In Houston First American Savings v. Musick, this court held that compliance with the notice condition contained in the deed of trust and as prescribed by law is a prerequisite to the right of the trustee to make the sale. In Musick, notice of sale was not given for twenty-one days prior to the sale as required by section 51.002. In the case before us, the notice of the right to reinstate and to bring a court action are not notices required by law. Therefore, the issue before us is whether specific compliance with non-statutory foreclosure prerequisites is mandated under Musick.

In University Savings Association v. Springwoods Shopping Center, 644 S.W.2d 705 (Tex.1982), this court upheld a foreclosure sale in which there had been no compliance with provisions relating to the recording of the appointment of the substitute trustee before sale. In that case, the borrower's actions for wrongful foreclosure were held to be barred by his actual notice of the substitution and identity of the substitute trustee, and the time and place of the sale, where there was no showing of prejudice or harm resulting from the failure to comply with the recordation provision in the deed of trust. The statutory notice provisions of section 51.002 seek to not only protect the debtor by affording him a lengthy notice period in which he may cure, but also adequately inform the third party public in order to maximize the likelihood of a profitable public sale at market *675 value in which the debtor may recover his equity in his property. The language of a deed of trust which provides for additional requirements, although of equal import, affects only the relationship between the debtor and creditor.
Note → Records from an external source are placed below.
lemma per_int_energy_estimate:
  "per_int Lx Ly (\<lambda>x y. integral {0..T} (\<lambda>z. energy_R (T - z, x, y, z) + energy_PQ (T - z, x, y, z)))
   \<le> 2 * per_int Lx Ly (\<lambda>x y. integral {0..T} (\<lambda>z. energy_R (0, x, y, z)))
     + 2 * per_int Lx Ly (\<lambda>x y. integral {0..T} (\<lambda>u. energy_PQ (u, x, y, 0)))"
proof -
  define E_R where "E_R x y = integral {0..T} (\<lambda>z. energy_R (0, x, y, z))" for x y
  define E_PQ where "E_PQ x y = integral {0..T} (\<lambda>u. energy_PQ (u, x, y, 0))" for x y
  define bulk where "bulk x y = integral {0..T} (\<lambda>s. integral {0..T} (transverse_divergence x y s))" for x y
  note continuous = continuous_on_rectangle_integral[OF continuous_on_boundary_energies(1)]
    continuous_on_rectangle_integral[OF continuous_on_boundary_energies(2), folded E_R_def]
    continuous_on_rectangle_integral[OF continuous_on_boundary_energies(3), folded E_PQ_def]
    continuous_on_rectangle_integral[OF continuous_on_integral_transverse_divergence, folded bulk_def]
  then have continuous_2: "continuous_on ({0..Lx} \<times> {0..Ly}) (\<lambda>(x, y). 2 * E_R x y)"
    "continuous_on ({0..Lx} \<times> {0..Ly}) (\<lambda>(x, y). 2 * E_PQ x y)"
    by (auto simp: split_beta intro!: continuous_intros)
  have "per_int Lx Ly (\<lambda>x y. integral {0..T} (\<lambda>z. energy_R (T - z, x, y, z) + energy_PQ (T - z, x, y, z)))
      \<le> per_int Lx Ly (\<lambda>x y. 2 * E_R x y + 2 * E_PQ x y + bulk x y)"
    using continuous
    by (intro per_int_mono) (auto simp: E_R_def E_PQ_def bulk_def energy_slice_estimate
        split_beta intro!: continuous_intros)
  also have "\<dots> = per_int Lx Ly (\<lambda>x y. 2 * E_R x y) + per_int Lx Ly (\<lambda>x y. 2 * E_PQ x y)
      + per_int Lx Ly bulk"
    using per_int_add[of Lx Ly "\<lambda>x y. 2 * E_R x y + 2 * E_PQ x y" bulk]
      per_int_add[OF continuous_2] continuous continuous_2
    by (simp add: split_beta continuous_on_add)
  also have "per_int Lx Ly bulk = 0"
    unfolding bulk_def by (rule per_int_transverse_divergence_integral)
  finally show ?thesis
    by (simp add: per_int_def E_R_def E_PQ_def)
qed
Therefore, we hold that actual notice of a right to reinstate after acceleration or to bring a lawsuit is sufficient to comply with the requirements of University Savings.

The judgment of the court of appeals is reversed and the judgment of the trial court is affirmed.

NOTES

[1] ยง 51.002. Sale of Real Property Under Contract Lien

(a) A sale of real property under a power of sale conferred by a deed of trust or other contract lien must be a public sale at auction held between 10 a.m. and 4 p.m. of the first Tuesday of a month. The sale must take place in the county in which the land is located, or if the property is located in more than one county, the sale may be made in any county in which the property is located.

(b) Notice of the sale must be given at least 21 days before the date of the sale:

(1) by posting at the courthouse door of each county in which the property is located a written notice designating the county in which the property will be sold;

(2) by filing in the office of the county clerk of each county in which the property is located a copy of the notice posted under Subdivision (1); and

(3) by the holder of the debt to which the power of sale is related serving written notice of the sale by certified mail on each debtor who, according to the records of the holder of the debt, is obligated to pay the debt.

(c) Service of a notice by certified mail is complete when the notice is deposited in the United States mail, postage prepaid and addressed to the debtor at the debtor's last known address as shown by the records of the holder of the debt. The affidavit of a person knowledgeable of the facts to the effect that service was completed is prima facie evidence of service.

(d) Each county clerk shall keep all notices filed under Subdivision (2) of Subsection (b) in a convenient file that is available to the public for examination during normal business hours. The clerk may dispose of the notices after the date of sale specified in the notice has passed. The clerk shall receive a fee of $2 for each notice filed.